[WHAT YOU WILL DO] Repeat verbatim every line of the material, beginning at the line that holds "then obtain \<sigma>" and ending at its last line.

[INPUT MATERIAL]

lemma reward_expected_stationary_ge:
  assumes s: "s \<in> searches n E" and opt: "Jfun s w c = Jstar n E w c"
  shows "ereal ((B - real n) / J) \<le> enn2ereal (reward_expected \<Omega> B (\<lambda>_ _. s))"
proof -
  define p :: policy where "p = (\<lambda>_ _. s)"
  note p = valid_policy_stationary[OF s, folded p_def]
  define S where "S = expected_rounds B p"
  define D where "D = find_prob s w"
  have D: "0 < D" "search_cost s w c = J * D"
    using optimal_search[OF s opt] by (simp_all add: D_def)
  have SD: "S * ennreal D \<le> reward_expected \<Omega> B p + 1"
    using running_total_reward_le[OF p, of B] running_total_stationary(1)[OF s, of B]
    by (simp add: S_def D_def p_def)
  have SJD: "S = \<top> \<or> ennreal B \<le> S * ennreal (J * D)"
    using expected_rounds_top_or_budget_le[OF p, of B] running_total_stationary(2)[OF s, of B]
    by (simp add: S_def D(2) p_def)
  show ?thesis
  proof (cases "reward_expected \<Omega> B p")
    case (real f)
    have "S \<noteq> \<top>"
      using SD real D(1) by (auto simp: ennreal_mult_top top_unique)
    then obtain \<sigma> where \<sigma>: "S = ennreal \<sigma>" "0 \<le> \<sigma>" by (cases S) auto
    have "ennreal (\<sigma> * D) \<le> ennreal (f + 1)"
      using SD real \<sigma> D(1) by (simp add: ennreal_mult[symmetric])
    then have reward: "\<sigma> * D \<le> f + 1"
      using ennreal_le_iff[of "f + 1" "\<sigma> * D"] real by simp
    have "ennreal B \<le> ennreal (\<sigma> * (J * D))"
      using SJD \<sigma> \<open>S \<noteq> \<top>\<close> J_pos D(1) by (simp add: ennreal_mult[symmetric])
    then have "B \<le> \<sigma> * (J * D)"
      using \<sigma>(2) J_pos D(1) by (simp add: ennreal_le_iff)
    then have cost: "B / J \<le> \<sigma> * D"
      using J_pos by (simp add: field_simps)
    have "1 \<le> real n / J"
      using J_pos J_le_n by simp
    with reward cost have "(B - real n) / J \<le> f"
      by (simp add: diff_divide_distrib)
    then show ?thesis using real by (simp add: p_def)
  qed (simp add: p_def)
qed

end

[TASK ANSWER]
    then obtain \<sigma> where \<sigma>: "S = ennreal \<sigma>" "0 \<le> \<sigma>" by (cases S) auto
    have "ennreal (\<sigma> * D) \<le> ennreal (f + 1)"
      using SD real \<sigma> D(1) by (simp add: ennreal_mult[symmetric])
    then have reward: "\<sigma> * D \<le> f + 1"
      using ennreal_le_iff[of "f + 1" "\<sigma> * D"] real by simp
    have "ennreal B \<le> ennreal (\<sigma> * (J * D))"
      using SJD \<sigma> \<open>S \<noteq> \<top>\<close> J_pos D(1) by (simp add: ennreal_mult[symmetric])
    then have "B \<le> \<sigma> * (J * D)"
      using \<sigma>(2) J_pos D(1) by (simp add: ennreal_le_iff)
    then have cost: "B / J \<le> \<sigma> * D"
      using J_pos by (simp add: field_simps)
    have "1 \<le> real n / J"
      using J_pos J_le_n by simp
    with reward cost have "(B - real n) / J \<le> f"
      by (simp add: diff_divide_distrib)
    then show ?thesis using real by (simp add: p_def)
  qed (simp add: p_def)
qed

end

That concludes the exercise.